--- START ---

section \<open>Completeness\<close>

locale prime_theory =
  fixes P :: "fm set"
  assumes closed: "P \<turnstile>\<^sub>L\<^sub>C a \<Longrightarrow> a \<in> P"
    and prime: "Or a b \<in> P \<Longrightarrow> a \<in> P \<or> b \<in> P"

lemma lc_prime_extension:
  assumes "\<not> \<Sigma> \<turnstile>\<^sub>L\<^sub>C \<psi>"
  obtains P where "\<Sigma> \<subseteq> P" "\<not> P \<turnstile>\<^sub>L\<^sub>C \<psi>" "prime_theory P"
proof -
  let ?A = "{\<Gamma>. \<Sigma> \<subseteq> \<Gamma> \<and> \<not> \<Gamma> \<turnstile>\<^sub>L\<^sub>C \<psi>}"
  have "\<exists>M\<in>?A. \<forall>X\<in>?A. M \<subseteq> X \<longrightarrow> X = M"
  proof (rule subset_Zorn_nonempty)
    fix C assume C: "C \<noteq> {}" "subset.chain ?A C"
    have "\<not> \<Union>C \<turnstile>\<^sub>L\<^sub>C \<psi>"
    proof
      assume "\<Union>C \<turnstile>\<^sub>L\<^sub>C \<psi>"
      then obtain G where G: "finite G" "G \<subseteq> \<Union>C" "G \<turnstile>\<^sub>L\<^sub>C \<psi>"
        using lc_derives_finite by blast
      then obtain B where "B \<in> C" "G \<subseteq> B"
        using finite_subset_Union_chain[OF G(1,2) C] by blast
      then show False
        using C(2) lc_derives_mono[OF G(3)] unfolding subset_chain_def by blast
    qed
    moreover have "\<Sigma> \<subseteq> \<Union>C"
      using C unfolding subset_chain_def by blast
    ultimately show "\<Union>C \<in> ?A" by blast
  qed (use assms in blast)
  then obtain M where M: "\<Sigma> \<subseteq> M" "\<not> M \<turnstile>\<^sub>L\<^sub>C \<psi>"
    and maximal: "\<And>X. \<Sigma> \<subseteq> X \<Longrightarrow> \<not> X \<turnstile>\<^sub>L\<^sub>C \<psi> \<Longrightarrow> M \<subseteq> X \<Longrightarrow> X = M"
    by auto
  have insert_refutes: "insert a M \<turnstile>\<^sub>L\<^sub>C \<psi>" if "a \<notin> M" for a
    using maximal[of "insert a M"] M(1) that by blast
  have "prime_theory M"
  proof
    fix a assume "M \<turnstile>\<^sub>L\<^sub>C a"
    then show "a \<in> M" using lc_cut insert_refutes M(2) by blast
  next
    fix a b assume ab: "Or a b \<in> M"
    show "a \<in> M \<or> b \<in> M"
    proof (rule ccontr)
      assume "\<not> (a \<in> M \<or> b \<in> M)"
      then have "M \<turnstile>\<^sub>L\<^sub>C Imp a \<psi>" "M \<turnstile>\<^sub>L\<^sub>C Imp b \<psi>"
        using insert_refutes lc_deduction by blast+
      then have "M \<turnstile>\<^sub>L\<^sub>C \<psi>"
        using mp[OF mp[OF mp[OF ax[OF ax_DE[of a \<psi> b]]]] hyp[OF ab]] by blast
      with M(2) show False by blast
    qed
  qed
  with M that show ?thesis by blast
qed

context prime_theory
begin

text \<open>The canonical chain: \<open>a\<close> is represented by its down-set in the preorder
  \<open>x \<preceq> a \<longleftrightarrow> x \<rightarrow> a \<in> P\<close>, which is total because \<open>P\<close> is prime and contains the linearity axiom.\<close>

definition down :: "fm \<Rightarrow> fm set" where
  "down a = {x. Imp x a \<in> P}"

lemma mem_iff_derives: "a \<in> P \<longleftrightarrow> P \<turnstile>\<^sub>L\<^sub>C a"
  using closed hyp by blast

lemma down_subset_iff: "down a \<subseteq> down b \<longleftrightarrow> Imp a b \<in> P"
proof
  assume "down a \<subseteq> down b"
  moreover have "a \<in> down a" unfolding down_def using lc_imp_refl mem_iff_derives by blast
  ultimately show "Imp a b \<in> P" unfolding down_def by blast
next
  assume "Imp a b \<in> P"
  then show "down a \<subseteq> down b" unfolding down_def using lc_imp_trans mem_iff_derives by blast
qed

lemma down_total: "down a \<subseteq> down b \<or> down b \<subseteq> down a"
proof -
  have "Or (Imp a b) (Imp b a) \<in> P" using mem_iff_derives ax ax_LIN by blast
  then show ?thesis using prime down_subset_iff by blast
qed

lemma down_eq_UNIV_iff: "down a = UNIV \<longleftrightarrow> a \<in> P"
proof
  assume "down a = UNIV"
  then have "Imp (Imp Bot Bot) a \<in> P" unfolding down_def by blast
  then show "a \<in> P" using mem_iff_derives mp lc_imp_refl by blast
next
  assume "a \<in> P"
  then show "down a = UNIV" unfolding down_def using mem_iff_derives mp ax[OF ax_K] by blast
qed

lemma chain_model_down: "chain_model (\<subseteq>) (range down) (down Bot) UNIV (\<lambda>v. down (Var v))"
proof
  fix x assume "x \<in> range down"
  then obtain a where "x = down a" by blast
  then show "down Bot \<subseteq> x"
    using down_subset_iff mem_iff_derives ax[OF ax_EF] by blast
next
  fix x y assume "x \<in> range down" "y \<in> range down"
  then show "x \<subseteq> y \<or> y \<subseteq> x" using down_total by blast
next
  have "down (Imp Bot Bot) = UNIV" using down_eq_UNIV_iff mem_iff_derives lc_imp_refl by blast
  then show "UNIV \<in> range down" by (metis rangeI)
qed auto

lemma down_And: "down (And a b) = down a \<inter> down b"
proof -
  have "insert x P \<turnstile>\<^sub>L\<^sub>C And a b \<longleftrightarrow> insert x P \<turnstile>\<^sub>L\<^sub>C a \<and> insert x P \<turnstile>\<^sub>L\<^sub>C b" for x
    by (meson mp ax ax_C1 ax_C2 ax_CI)
  then show ?thesis unfolding down_def by (auto simp add: mem_iff_derives lc_deduction_iff)
qed

lemma down_Or: "down (Or a b) = (if down a \<subseteq> down b then down b else down a)"
proof -
  have upper: "down a \<subseteq> down (Or a b)" "down b \<subseteq> down (Or a b)"
    using down_subset_iff mem_iff_derives ax[OF ax_D1[of a b]] ax[OF ax_D2[of b a]] by auto
  have least: "down (Or a b) \<subseteq> down c" if "down a \<subseteq> down c" "down b \<subseteq> down c" for c
  proof -
    have "P \<turnstile>\<^sub>L\<^sub>C Imp a c" "P \<turnstile>\<^sub>L\<^sub>C Imp b c"
      using that down_subset_iff mem_iff_derives by auto
    then have "P \<turnstile>\<^sub>L\<^sub>C Imp (Or a b) c" using mp[OF mp[OF ax[OF ax_DE[of a c b]]]] by blast
    then show ?thesis using down_subset_iff mem_iff_derives by auto
  qed
  show ?thesis
    using upper least[of a] least[of b] down_total[of a b] by auto
qed

lemma down_Imp: "down (Imp a b) = (if down a \<subseteq> down b then UNIV else down b)"
proof (cases "down a \<subseteq> down b")
  case True
  then show ?thesis using down_subset_iff down_eq_UNIV_iff by simp
next
  case False
  then have not_ab: "Imp a b \<notin> P" using down_subset_iff by blast
  have "Imp a (Imp a b) \<notin> P"
  proof
    assume "Imp a (Imp a b) \<in> P"
    then have "insert a P \<turnstile>\<^sub>L\<^sub>C b"
      using mem_iff_derives lc_deduction_iff mp hyp[of a "insert a P"] by blast
    then show False using not_ab mem_iff_derives lc_deduction by blast
  qed
  \<comment> \<open>so linearity forces \<open>(a \<rightarrow> b) \<rightarrow> a\<close>, whence \<open>(a \<rightarrow> b) \<rightarrow> b\<close>\<close>
  moreover have "Or (Imp a (Imp a b)) (Imp (Imp a b) a) \<in> P"
    using mem_iff_derives ax[OF ax_LIN] by blast
  ultimately have "P \<turnstile>\<^sub>L\<^sub>C Imp (Imp a b) a" using prime mem_iff_derives by blast
  then have "P \<turnstile>\<^sub>L\<^sub>C Imp (Imp a b) b"
    using mp[OF mp[OF ax[OF ax_S[of "Imp a b" a b]]]] lc_imp_refl by blast
  moreover have "P \<turnstile>\<^sub>L\<^sub>C Imp b (Imp a b)" using ax[OF ax_K] .
  ultimately show ?thesis
    using False down_subset_iff mem_iff_derives by (simp add: subset_antisym)
qed

lemma eval_down: "eval (\<subseteq>) (down Bot) UNIV (\<lambda>v. down (Var v)) a = down a"
proof (induction a)
  case (And a b)
  then show ?case using down_And down_total[of a b] by auto
qed (simp_all add: down_Or down_Imp)

end

lemma lc_countermodel:
  assumes "\<not> \<Sigma> \<turnstile>\<^sub>L\<^sub>C \<psi>"
  obtains S bt and V :: "nat \<Rightarrow> fm set" where "chain_model (\<subseteq>) S bt UNIV V"
    "\<forall>s\<in>\<Sigma>. eval (\<subseteq>) bt UNIV V s = UNIV" "eval (\<subseteq>) bt UNIV V \<psi> \<noteq> UNIV"
proof -
  obtain P where P: "\<Sigma> \<subseteq> P" "\<not> P \<turnstile>\<^sub>L\<^sub>C \<psi>" "prime_theory P"
    using lc_prime_extension[OF assms] .
  interpret prime_theory P by (rule P(3))
  show ?thesis
    using that[OF chain_model_down] P(1,2) down_eq_UNIV_iff mem_iff_derives
    by (auto simp: eval_down)
qed

section \<open>Adjoining a point to a Goedel chain\<close>

definition lex_le :: "('a \<Rightarrow> 'a \<Rightarrow> bool) \<Rightarrow> 'a \<times> bool \<Rightarrow> 'a \<times> bool \<Rightarrow> bool" where
  "lex_le le u w \<longleftrightarrow> (le (fst u) (fst w) \<and> fst u \<noteq> fst w) \<or> (fst u = fst w \<and> (snd u \<longrightarrow> snd w))"

context chain_model
begin

text \<open>Inside the lexicographic order on \<open>S \<times> bool\<close>, the chain \<open>S\<close> sits as \<open>S \<times> {False}\<close> and
  \<open>(w, True)\<close> is a new point immediately above \<open>w\<close>; the variable \<open>r\<close> is sent to it.\<close>

definition chain_above :: "'a \<Rightarrow> ('a \<times> bool) set" where
  "chain_above w = insert (w, True) ((\<lambda>x. (x, False)) ` S)"

definition valuation_above :: "nat \<Rightarrow> 'a \<Rightarrow> nat \<Rightarrow> 'a \<times> bool" where
  "valuation_above r w v = (if v = r then (w, True) else (V v, False))"

lemma fst_chain_above: "w \<in> S \<Longrightarrow> u \<in> chain_above w \<Longrightarrow> fst u \<in> S"
  unfolding chain_above_def by auto

lemma lex_le_antisym: "fst x \<in> S \<Longrightarrow> fst y \<in> S \<Longrightarrow> lex_le le x y \<Longrightarrow> lex_le le y x \<Longrightarrow> x = y"
  unfolding lex_le_def using antisym by (auto intro: prod_eqI)

lemma lex_le_trans:
  assumes "fst x \<in> S" "fst y \<in> S" "fst z \<in> S" "lex_le le x y" "lex_le le y z"
  shows "lex_le le x z"
  using assms antisym[OF assms(1,2)] antisym[OF assms(2,3)] trans[OF assms(1-3)]
  unfolding lex_le_def by metis

lemma chain_model_above:
  assumes w: "w \<in> S" "w \<noteq> tp"
  shows "chain_model (lex_le le) (chain_above w) (bt, False) (tp, False) (valuation_above r w)"
proof
  fix x y assume "x \<in> chain_above w" "y \<in> chain_above w"
  then have "le (fst x) (fst y) \<or> le (fst y) (fst x)" using fst_chain_above w total by blast
  then show "lex_le le x y \<or> lex_le le y x" unfolding lex_le_def by auto
next
  fix x y assume "x \<in> chain_above w" "y \<in> chain_above w" "lex_le le x y" "lex_le le y x"
  then show "x = y" by (intro lex_le_antisym fst_chain_above[OF w(1)])
next
  fix x y z assume "x \<in> chain_above w" "y \<in> chain_above w" "z \<in> chain_above w"
    "lex_le le x y" "lex_le le y z"
  then show "lex_le le x z" by (intro lex_le_trans[of x y z] fst_chain_above[OF w(1)])
next
  fix x assume x: "x \<in> chain_above w"
  then have "fst x \<in> S" using fst_chain_above w by blast
  then show "lex_le le (bt, False) x" unfolding lex_le_def using bt_le by auto
  have "fst x = tp \<Longrightarrow> snd x = False" using x w unfolding chain_above_def by auto
  then show "lex_le le x (tp, False)" unfolding lex_le_def using le_tp \<open>fst x \<in> S\<close> by auto
qed (use bt_in tp_in V_in w in \<open>auto simp: chain_above_def valuation_above_def\<close>)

--- END ---

YOUR OBJECTIVE>
Pull every line containing the string "metis" out of the data above and copy it.

SOLUTION>
  then show "UNIV \<in> range down" by (metis rangeI)
  unfolding lex_le_def by metis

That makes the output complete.